Before I dived into the mess, my concern was the F 900 XR’s 825-mm seat height. Standing 5’7″ and tip-toeing in bumper-to-bumper traffic is not what I wanted with a bike that costs Rs 11 lakh! Thankfully, the seat is contoured so well it allowed me to reach the ground with firm footing on both sides. Phew! Well thought, BMW. Also, as I was making my way through gaps, I realised how slim and compact the motorcycle is. I was able to squeeze through the same openings that motorcycles 1/8th of the F 900 XR’s displacement and less than half the weight were clearing.

The reason for this agility is its excellent weight distribution. BMW may be new-ish to the middleweight sports-touring segment, but it’s been making bikes for nearly 100 years, after all. The weight is present in the bike’s lower half, while the raised fuel tank and the stepped seat along with the wide handlebar keeps you in the centre of the motorcycle. A place of zen for effortlessly manoeuvring a motorcycle.

6.5” colour-TFT can be viewed from multiple angles.

Once I was out of the traffic-ridden bit, I grabbed a handful of throttle just for kicks. Little did I know that I would only scramble to reach for the brake, courtesy of the brute acceleration that I wasn’t expecting. The F 900 XR has a parallel-twin mill which suggests a linear power delivery. However, instead of that, it’s packed with oodles of torque in the lower range. The reason for that was the 270-degree firing interval, mimicking the sound and character of a V-twin. This is a motor that can catch you by surprise if you’re not alert enough.

BMW’s app lets you record details of each trip.

Now, since the motorcycle was available only for a couple of days, I had to make the best of the time at hand by riding it as much as possible. The next morning, I was out on the highway before dawn, cruising in sixth cog, the motor purring at 3000 rpm and the speedo indicating 100 kph. The LED headlamps lit up the road ahead really well, inspiring me to even engage cruise control for a few sections. The abundance of torque even at that rpm is enough to chug along with no downshifts needed to make overtakes. Meanwhile, every time I did drop a gear or two, the F 900 XR was happy to surge forward at full steam, quickly reaching for speeds that are nowhere near legal.

Switchgear takes some time to get used to.

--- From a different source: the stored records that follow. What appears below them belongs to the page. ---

lemma module_hom_cartan_d: "module_hom (chain_scale act) (chain_scale act) (D p)"
  by (intro module_hom_linearI)
    (simp add: Vector_Spaces.linear_iff chains.vector_space_axioms cartan_d_def chain_scale_def fun_eq_iff
      act_add_right act_sc M.scale_sum_right sum.distrib)

lemma cartan_d_Suc: "D (Suc p) c b = D p c b + act (v p) (dp_deriv p c b)"
  by (simp add: cartan_d_def dp_deriv_def)

lemma cartan_d_chain_sp:
  assumes c: "c \<in> C p (Suc i) k"
  shows "D p c \<in> C p i k"
  unfolding mem_chain_sp
proof (intro allI impI)
  fix b assume "D p c b \<noteq> 0"
  then obtain j where "j \<in> {..<p}" and act_nz: "act (v j) (c (b(j := Suc (b j)))) \<noteq> 0"
    unfolding cartan_d_def by (rule sum.not_neutral_contains_not_neutral)
  then have j: "j < p"
    by simp
  from act_nz have "c (b(j := Suc (b j))) \<noteq> 0"
    by (metis act_0_right ext_elem_v)
  with c have supp: "\<forall>l\<ge>p. (b(j := Suc (b j))) l = 0"
    and sum: "(\<Sum>l<p. (b(j := Suc (b j))) l) = Suc i"
    unfolding mem_chain_sp by blast+
  have "\<forall>l\<ge>p. b l = 0"
    using supp j by (metis fun_upd_other not_le)
  moreover have "(\<Sum>l<p. b l) = i"
    using sum sum_lessThan_fun_upd[OF j, of b "Suc (b j)"] by simp
  moreover have "act (v l) (c a) \<in> Mdeg (k - int i)" for l a
    using act_v_Mdeg[OF chain_sp_Mdeg[OF c, of a], of l] by (simp add: algebra_simps)
  then have "D p c b \<in> Mdeg (k - int i)"
    unfolding cartan_d_def by (intro M.subspace_sum[OF Mdeg_subspace])
  ultimately show "(\<forall>l\<ge>p. b l = 0) \<and> (\<Sum>l<p. b l) = i \<and> D p c b \<in> Mdeg (k - int i)"
    by blast
qed

lemma bounds_subset_chain_sp: "B p i k \<subseteq> C p i k"
  unfolding bounds_def using cartan_d_chain_sp by blast

lemma bounds_subspace: "chains.subspace (B p i k)"
  unfolding bounds_def
  by (rule module_hom.subspace_image[OF module_hom_cartan_d chain_sp_subspace])

lemma cartan_d_eq_if_le:
  assumes "q \<le> q'" and c: "c \<in> C q i k"
  shows "D q' c = D q c"
  using assms(1)
proof (induction q' rule: dec_induct)
  case (step m)
  have "dp_deriv m c = 0"
    using chain_sp_mono[OF step.hyps(1)] c by (blast intro: dp_deriv_eq_0_if_chain_sp)
  with step.IH show ?case
    by (simp add: fun_eq_iff cartan_d_Suc)
qed simp

lemma bounds_mono:
  assumes "q \<le> q'"
  shows "B q i k \<subseteq> B q' i k"
proof
  fix x assume "x \<in> B q i k"
  then obtain c where c: "c \<in> C q (Suc i) k" and x: "x = D q c"
    unfolding bounds_def by blast
  have "x = D q' c"
    using cartan_d_eq_if_le[OF assms c] x by simp
  with chain_sp_mono[OF assms] c show "x \<in> B q' i k"
    unfolding bounds_def by blast
qed

lemma cartan_d_dp_deriv: "D p (dp_deriv q c) = dp_deriv q (D p c)"
proof
  fix b
  have "(b(j := Suc (b j)))(q := Suc ((b(j := Suc (b j))) q)) =
        (b(q := Suc (b q)))(j := Suc ((b(q := Suc (b q))) j))" for j
    by (auto simp: fun_eq_iff)
  then show "D p (dp_deriv q c) b = dp_deriv q (D p c) b"
    by (simp add: cartan_d_def dp_deriv_def)
qed

lemma cartan_d_dp_integ: "D q (dp_integ q c) = dp_integ q (D q c)"
proof
  fix b
  have "(b(j := Suc (b j)))(q := b q - 1) = (b(q := b q - 1))(j := Suc ((b(q := b q - 1)) j))"
    if "j < q" for j
    using that by (auto simp: fun_eq_iff)
  then show "D q (dp_integ q c) b = dp_integ q (D q c) b"
    by (auto simp: cartan_d_def dp_integ_def intro!: sum.cong)
qed

definition gamma_rep :: "nat \<Rightarrow> ((nat \<Rightarrow> nat) \<Rightarrow> 'm) \<Rightarrow> (nat \<Rightarrow> nat) \<Rightarrow> 'm" where
  "gamma_rep p z = (\<lambda>a. act (v p) (g0 p z a))"

lemma gamma_img_eq:
  "\<Gamma> p i k = (\<lambda>z. chain_scale act ((-1) ^ nat \<bar>k - 1 - int i\<bar>) (gamma_rep p z)) ` Z (Suc p) i (k - 1)"
  by (auto simp: gamma_img_def gamma_rep_def chain_scale_def ract_v)

lemma gamma_img_subset_bounds_iff:
  "\<Gamma> p i k \<subseteq> B p i k \<longleftrightarrow> (\<forall>z\<in>Z (Suc p) i (k - 1). gamma_rep p z \<in> B p i k)"
proof -
  have "chain_scale act ((-1) ^ m) x \<in> B p i k \<longleftrightarrow> x \<in> B p i k" for m x
  proof
    assume "chain_scale act ((-1) ^ m) x \<in> B p i k"
    then have "chain_scale act ((-1) ^ m) (chain_scale act ((-1) ^ m) x) \<in> B p i k"
      by (rule chains.subspace_scale[OF bounds_subspace])
    then show "x \<in> B p i k"
      by (simp flip: power_mult_distrib)
  qed (rule chains.subspace_scale[OF bounds_subspace])
  then show ?thesis
    unfolding gamma_img_eq by blast
qed

lemma gamma_rep_eq_cartan_d:
  assumes z: "z \<in> Z (Suc p) i k"
  shows "gamma_rep p z = D (Suc p) (dp_integ p z)"
proof
  fix b
  have D_integ: "D (Suc p) (dp_integ p z) b = dp_integ p (D p z) b + act (v p) (z b)"
    by (simp add: cartan_d_Suc cartan_d_dp_integ)
  show "gamma_rep p z b = D (Suc p) (dp_integ p z) b"
  proof (cases "b p = 0")
    case True
    then show ?thesis
      unfolding D_integ by (simp add: gamma_rep_def g0_def dp_integ_def)
  next
    case False
    then have "b(p := Suc (b p - 1)) = b"
      by auto
    then have "D (Suc p) z (b(p := b p - 1)) = D p z (b(p := b p - 1)) + act (v p) (z b)"
      by (simp add: cartan_d_Suc dp_deriv_def)
    moreover have "D (Suc p) z (b(p := b p - 1)) = 0"
      using z by (simp add: cycles_def)
    ultimately show ?thesis
      unfolding D_integ using False by (simp add: gamma_rep_def g0_def dp_integ_def)
  qed
qed

lemma gamma_rep_bounds:
  assumes z: "z \<in> Z (Suc p) i k"
  shows "gamma_rep p z \<in> B (Suc p) i (k + 1)"
proof -
  have "dp_integ p z \<in> C (Suc p) (Suc i) (k + 1)"
    using z by (intro dp_integ_chain_sp) (simp add: cycles_def)
  then show ?thesis
    unfolding gamma_rep_eq_cartan_d[OF z] bounds_def by blast
qed

lemma gamma_rep_chain_sp:
  assumes z: "z \<in> Z (Suc p) i k"
  shows "gamma_rep p z \<in> C p i (k + 1)"
proof (rule chain_sp_if_dp_deriv_eq_0)
  show "gamma_rep p z \<in> C (Suc p) i (k + 1)"
    using gamma_rep_bounds[OF z] bounds_subset_chain_sp by blast
  show "dp_deriv p (gamma_rep p z) = 0"
    by (simp add: dp_deriv_def gamma_rep_def g0_def fun_eq_iff)
qed

lemma gamma_img_subset_chain_sp: "\<Gamma> p i k \<subseteq> C p i k"
proof
  fix \<gamma> assume "\<gamma> \<in> \<Gamma> p i k"
  then obtain z e where z: "z \<in> Z (Suc p) i (k - 1)" and \<gamma>: "\<gamma> = chain_scale act e (gamma_rep p z)"
    unfolding gamma_img_eq by blast
  show "\<gamma> \<in> C p i k"
    using gamma_rep_chain_sp[OF z] unfolding \<gamma>
    by (intro chains.subspace_scale[OF chain_sp_subspace]) simp
qed

lemma delta_eq_0_iff: "delta act Mdeg v i p k = 0 \<longleftrightarrow> \<Gamma> p i k \<subseteq> B p i k"
proof
  assume "delta act Mdeg v i p k = 0"
  then have dim: "chains.dim (\<Gamma> p i k \<union> B p i k) \<le> chains.dim (B p i k)"
    by (simp add: delta_def)
  obtain W where W: "finite W" and C_W: "C p i k \<subseteq> chains.span W"
    using chain_sp_finite_span by blast
  then have "\<Gamma> p i k \<union> B p i k \<subseteq> chains.span W"
    using gamma_img_subset_chain_sp[of p i k] bounds_subset_chain_sp[of p i k] by blast
  then have "\<Gamma> p i k \<subseteq> chains.span (B p i k)"
    by (rule chains.subset_span_if_dim_Un_le[OF W _ dim])
  then show "\<Gamma> p i k \<subseteq> B p i k"
    by (simp add: chains.span_eq_iff[THEN iffD2, OF bounds_subspace])
next
  assume "\<Gamma> p i k \<subseteq> B p i k"
  then show "delta act Mdeg v i p k = 0"
    by (simp add: delta_def Un_absorb1)
qed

Now, since I had the top-spec Pro version, it was equipped with some cool electronic wizardry like electronic damping for the rear suspension and a bi-directional quickshifter beside the cruise control function. To my surprise, the quickshifter would always shift cogs with a jerk, especially in the lower rpm band. Not something that I would expect from a motorcycle like this. Nevertheless, I made a few more attempts, but the result was the same. In the end, I was better off using the clutch and blipping the throttle for my gearshifts, regardless of upshifts or downshifts.

Compact parallel-twin has ample torque in store.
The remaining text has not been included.